═══ Exercise inputs ═══

lemma tv_ball_integral_ge_point_mass:
  fixes g :: "'a::topological_space \<Rightarrow> real"
  assumes N: "prob_space N" "sets N = sets borel" and R: "0 \<le> R" "R \<le> 2"
    and g: "g \<in> borel_measurable borel" "\<And>z. \<bar>g z\<bar> \<le> K" "\<And>z. m \<le> g z"
    and d: "0 \<le> d" "m + d < g y"
  obtains Q where "Q \<in> tv_ball R N" "m + d * (R / 2) \<le> integral\<^sup>L Q g"
proof -
  obtain Q where Q: "Q \<in> tv_ball R N"
    and measure_Q: "\<And>A. A \<in> sets borel \<Longrightarrow>
      measure Q A = (1 - R / 2) * measure N A + R / 2 * indicator A y"
    using tv_ball_point_mass_mixture[OF N R] by blast
  interpret prob_space Q using Q by (simp add: tv_ball_def)
  define S where "S = {z. m + d < g z}"
  have S: "S \<in> sets borel" unfolding S_def using g(1) by measurable
  then have "S \<in> sets Q" using Q by (simp add: tv_ball_def)
  have "y \<in> S" using d(2) by (simp add: S_def)
  then have "measure Q S = (1 - R / 2) * measure N S + R / 2"
    using measure_Q[OF S] by simp
  moreover have "0 \<le> (1 - R / 2) * measure N S" using R by simp
  ultimately have "R / 2 \<le> measure Q S" by linarith
  then have "m + d * (R / 2) \<le> m + d * measure Q S"
    by (rule add_left_mono[OF mult_left_mono[OF _ d(1)]])
  also have "\<dots> = integral\<^sup>L Q (\<lambda>z. m + d * indicator S z)"
    using \<open>S \<in> sets Q\<close>
    by (subst Bochner_Integration.integral_add)
      (auto simp: prob_space emeasure_finite less_top[symmetric] intro!: integrable_real_indicator)
  also have "\<dots> \<le> integral\<^sup>L Q g"
  proof (rule integral_mono[OF _ integrable_if_in_tv_ball[OF Q g(1,2)]])
    show "integrable Q (\<lambda>z. m + d * indicator S z)"
      using S d(1) by (intro integrable_if_in_tv_ball[OF Q, where K="\<bar>m\<bar> + d"]) (auto simp: indicator_def)
    show "m + d * indicator S z \<le> g z" for z
      using g(3)[of z] by (auto simp: S_def indicator_def)
  qed
  finally show ?thesis using Q that by blast
qed

section \<open>Suprema and infima of bounded families\<close>

lemma cSUP_abs_diff_le:
  fixes F G :: "'a \<Rightarrow> real"
  assumes "A \<noteq> {}" "bounded (F ` A)" "bounded (G ` A)" "\<And>x. x \<in> A \<Longrightarrow> \<bar>F x - G x\<bar> \<le> C"
  shows "\<bar>(SUP x\<in>A. F x) - (SUP x\<in>A. G x)\<bar> \<le> C"
proof -
  have "(SUP x\<in>A. F x) \<le> (SUP x\<in>A. G x) + C"
    using assms cSUP_upper[OF _ bounded_imp_bdd_above[OF assms(3)]]
    by (intro cSUP_least) (force simp: abs_le_iff)+
  moreover have "(SUP x\<in>A. G x) \<le> (SUP x\<in>A. F x) + C"
    using assms cSUP_upper[OF _ bounded_imp_bdd_above[OF assms(2)]]
    by (intro cSUP_least) (force simp: abs_le_iff)+
  ultimately show ?thesis by linarith
qed

lemma cINF_abs_diff_le:
  fixes F G :: "'a \<Rightarrow> real"
  assumes "A \<noteq> {}" "bounded (F ` A)" "bounded (G ` A)" "\<And>x. x \<in> A \<Longrightarrow> \<bar>F x - G x\<bar> \<le> C"
  shows "\<bar>(INF x\<in>A. F x) - (INF x\<in>A. G x)\<bar> \<le> C"
proof -
  have "(INF x\<in>A. G x) - C \<le> (INF x\<in>A. F x)"
    using assms cINF_lower[OF bounded_imp_bdd_below[OF assms(3)]]
    by (intro cINF_greatest) (force simp: abs_le_iff)+
  moreover have "(INF x\<in>A. F x) - C \<le> (INF x\<in>A. G x)"
    using assms cINF_lower[OF bounded_imp_bdd_below[OF assms(2)]]
    by (intro cINF_greatest) (force simp: abs_le_iff)+
  ultimately show ?thesis by linarith
qed

lemma cSUP_mult_left:
  fixes F :: "'a \<Rightarrow> real"
  assumes "0 \<le> c" "A \<noteq> {}" "bdd_above (F ` A)"
  shows "(SUP x\<in>A. c * F x) = c * (SUP x\<in>A. F x)"
  using continuous_at_Sup_mono[of "\<lambda>y. c * y" "F ` A"] assms
  by (simp add: image_image mono_def mult_left_mono continuous_intros)

lemma cINF_mult_left:
  fixes F :: "'a \<Rightarrow> real"
  assumes "0 \<le> c" "A \<noteq> {}" "bdd_below (F ` A)"
  shows "(INF x\<in>A. c * F x) = c * (INF x\<in>A. F x)"
  using continuous_at_Inf_mono[of "\<lambda>y. c * y" "F ` A"] assms
  by (simp add: image_image mono_def mult_left_mono continuous_intros)

lemma eq_0_if_nat_multiples_bounded:
  fixes x K :: real
  assumes "\<And>n::nat. \<bar>real n * x\<bar> \<le> K"
  shows "x = 0"
proof (rule ccontr)
  assume "x \<noteq> 0"
  obtain n :: nat where "K / \<bar>x\<bar> < real n" using reals_Archimedean2 by blast
  then have "K < \<bar>real n * x\<bar>" using \<open>x \<noteq> 0\<close> by (simp add: field_simps abs_mult)
  with assms[of n] show False by simp
qed

lemma abs_cSUP_mult_plus_diff_le:
  fixes a b :: "'q \<Rightarrow> real"
  assumes B: "B \<noteq> {}" and c: "0 \<le> c"
    and a: "\<And>q. q \<in> B \<Longrightarrow> \<bar>a q\<bar> \<le> M" and b: "\<And>q. q \<in> B \<Longrightarrow> \<bar>b q\<bar> \<le> C"
  shows "\<bar>(SUP q\<in>B. c * a q + b q) - c * (SUP q\<in>B. a q)\<bar> \<le> C"
proof -
  have ca: "\<bar>c * a q\<bar> \<le> c * M" if "q \<in> B" for q
    using a[OF that] c by (simp add: abs_mult mult_left_mono)
  have "bdd_above (a ` B)"
    using a by (intro bdd_aboveI2[where M=M]) (force simp: abs_le_iff)
  then have "c * (SUP q\<in>B. a q) = (SUP q\<in>B. c * a q)"
    using cSUP_mult_left[OF c B] by simp
  moreover have "\<bar>(SUP q\<in>B. c * a q + b q) - (SUP q\<in>B. c * a q)\<bar> \<le> C"
  proof (rule cSUP_abs_diff_le[OF B])
    have "\<bar>c * a q + b q\<bar> \<le> c * M + C" if "q \<in> B" for q
      using ca[OF that] b[OF that] by arith
    then show "bounded ((\<lambda>q. c * a q + b q) ` B)"
      by (intro boundedI) auto
    show "bounded ((\<lambda>q. c * a q) ` B)"
      using ca by (intro boundedI) auto
  qed (use b in simp)
  ultimately show ?thesis by simp
qed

═══

» **Required work**
Make an exact copy of the whole listing, so that no line is lost.

» **Problem solution**
lemma tv_ball_integral_ge_point_mass:
  fixes g :: "'a::topological_space \<Rightarrow> real"
  assumes N: "prob_space N" "sets N = sets borel" and R: "0 \<le> R" "R \<le> 2"
    and g: "g \<in> borel_measurable borel" "\<And>z. \<bar>g z\<bar> \<le> K" "\<And>z. m \<le> g z"
    and d: "0 \<le> d" "m + d < g y"
  obtains Q where "Q \<in> tv_ball R N" "m + d * (R / 2) \<le> integral\<^sup>L Q g"
proof -
  obtain Q where Q: "Q \<in> tv_ball R N"
    and measure_Q: "\<And>A. A \<in> sets borel \<Longrightarrow>
      measure Q A = (1 - R / 2) * measure N A + R / 2 * indicator A y"
    using tv_ball_point_mass_mixture[OF N R] by blast
  interpret prob_space Q using Q by (simp add: tv_ball_def)
  define S where "S = {z. m + d < g z}"
  have S: "S \<in> sets borel" unfolding S_def using g(1) by measurable
  then have "S \<in> sets Q" using Q by (simp add: tv_ball_def)
  have "y \<in> S" using d(2) by (simp add: S_def)
  then have "measure Q S = (1 - R / 2) * measure N S + R / 2"
    using measure_Q[OF S] by simp
  moreover have "0 \<le> (1 - R / 2) * measure N S" using R by simp
  ultimately have "R / 2 \<le> measure Q S" by linarith
  then have "m + d * (R / 2) \<le> m + d * measure Q S"
    by (rule add_left_mono[OF mult_left_mono[OF _ d(1)]])
  also have "\<dots> = integral\<^sup>L Q (\<lambda>z. m + d * indicator S z)"
    using \<open>S \<in> sets Q\<close>
    by (subst Bochner_Integration.integral_add)
      (auto simp: prob_space emeasure_finite less_top[symmetric] intro!: integrable_real_indicator)
  also have "\<dots> \<le> integral\<^sup>L Q g"
  proof (rule integral_mono[OF _ integrable_if_in_tv_ball[OF Q g(1,2)]])
    show "integrable Q (\<lambda>z. m + d * indicator S z)"
      using S d(1) by (intro integrable_if_in_tv_ball[OF Q, where K="\<bar>m\<bar> + d"]) (auto simp: indicator_def)
    show "m + d * indicator S z \<le> g z" for z
      using g(3)[of z] by (auto simp: S_def indicator_def)
  qed
  finally show ?thesis using Q that by blast
qed

section \<open>Suprema and infima of bounded families\<close>

lemma cSUP_abs_diff_le:
  fixes F G :: "'a \<Rightarrow> real"
  assumes "A \<noteq> {}" "bounded (F ` A)" "bounded (G ` A)" "\<And>x. x \<in> A \<Longrightarrow> \<bar>F x - G x\<bar> \<le> C"
  shows "\<bar>(SUP x\<in>A. F x) - (SUP x\<in>A. G x)\<bar> \<le> C"
proof -
  have "(SUP x\<in>A. F x) \<le> (SUP x\<in>A. G x) + C"
    using assms cSUP_upper[OF _ bounded_imp_bdd_above[OF assms(3)]]
    by (intro cSUP_least) (force simp: abs_le_iff)+
  moreover have "(SUP x\<in>A. G x) \<le> (SUP x\<in>A. F x) + C"
    using assms cSUP_upper[OF _ bounded_imp_bdd_above[OF assms(2)]]
    by (intro cSUP_least) (force simp: abs_le_iff)+
  ultimately show ?thesis by linarith
qed

lemma cINF_abs_diff_le:
  fixes F G :: "'a \<Rightarrow> real"
  assumes "A \<noteq> {}" "bounded (F ` A)" "bounded (G ` A)" "\<And>x. x \<in> A \<Longrightarrow> \<bar>F x - G x\<bar> \<le> C"
  shows "\<bar>(INF x\<in>A. F x) - (INF x\<in>A. G x)\<bar> \<le> C"
proof -
  have "(INF x\<in>A. G x) - C \<le> (INF x\<in>A. F x)"
    using assms cINF_lower[OF bounded_imp_bdd_below[OF assms(3)]]
    by (intro cINF_greatest) (force simp: abs_le_iff)+
  moreover have "(INF x\<in>A. F x) - C \<le> (INF x\<in>A. G x)"
    using assms cINF_lower[OF bounded_imp_bdd_below[OF assms(2)]]
    by (intro cINF_greatest) (force simp: abs_le_iff)+
  ultimately show ?thesis by linarith
qed

lemma cSUP_mult_left:
  fixes F :: "'a \<Rightarrow> real"
  assumes "0 \<le> c" "A \<noteq> {}" "bdd_above (F ` A)"
  shows "(SUP x\<in>A. c * F x) = c * (SUP x\<in>A. F x)"
  using continuous_at_Sup_mono[of "\<lambda>y. c * y" "F ` A"] assms
  by (simp add: image_image mono_def mult_left_mono continuous_intros)

lemma cINF_mult_left:
  fixes F :: "'a \<Rightarrow> real"
  assumes "0 \<le> c" "A \<noteq> {}" "bdd_below (F ` A)"
  shows "(INF x\<in>A. c * F x) = c * (INF x\<in>A. F x)"
  using continuous_at_Inf_mono[of "\<lambda>y. c * y" "F ` A"] assms
  by (simp add: image_image mono_def mult_left_mono continuous_intros)

lemma eq_0_if_nat_multiples_bounded:
  fixes x K :: real
  assumes "\<And>n::nat. \<bar>real n * x\<bar> \<le> K"
  shows "x = 0"
proof (rule ccontr)
  assume "x \<noteq> 0"
  obtain n :: nat where "K / \<bar>x\<bar> < real n" using reals_Archimedean2 by blast
  then have "K < \<bar>real n * x\<bar>" using \<open>x \<noteq> 0\<close> by (simp add: field_simps abs_mult)
  with assms[of n] show False by simp
qed

lemma abs_cSUP_mult_plus_diff_le:
  fixes a b :: "'q \<Rightarrow> real"
  assumes B: "B \<noteq> {}" and c: "0 \<le> c"
    and a: "\<And>q. q \<in> B \<Longrightarrow> \<bar>a q\<bar> \<le> M" and b: "\<And>q. q \<in> B \<Longrightarrow> \<bar>b q\<bar> \<le> C"
  shows "\<bar>(SUP q\<in>B. c * a q + b q) - c * (SUP q\<in>B. a q)\<bar> \<le> C"
proof -
  have ca: "\<bar>c * a q\<bar> \<le> c * M" if "q \<in> B" for q
    using a[OF that] c by (simp add: abs_mult mult_left_mono)
  have "bdd_above (a ` B)"
    using a by (intro bdd_aboveI2[where M=M]) (force simp: abs_le_iff)
  then have "c * (SUP q\<in>B. a q) = (SUP q\<in>B. c * a q)"
    using cSUP_mult_left[OF c B] by simp
  moreover have "\<bar>(SUP q\<in>B. c * a q + b q) - (SUP q\<in>B. c * a q)\<bar> \<le> C"
  proof (rule cSUP_abs_diff_le[OF B])
    have "\<bar>c * a q + b q\<bar> \<le> c * M + C" if "q \<in> B" for q
      using ca[OF that] b[OF that] by arith
    then show "bounded ((\<lambda>q. c * a q + b q) ` B)"
      by (intro boundedI) auto
    show "bounded ((\<lambda>q. c * a q) ` B)"
      using ca by (intro boundedI) auto
  qed (use b in simp)
  ultimately show ?thesis by simp
qed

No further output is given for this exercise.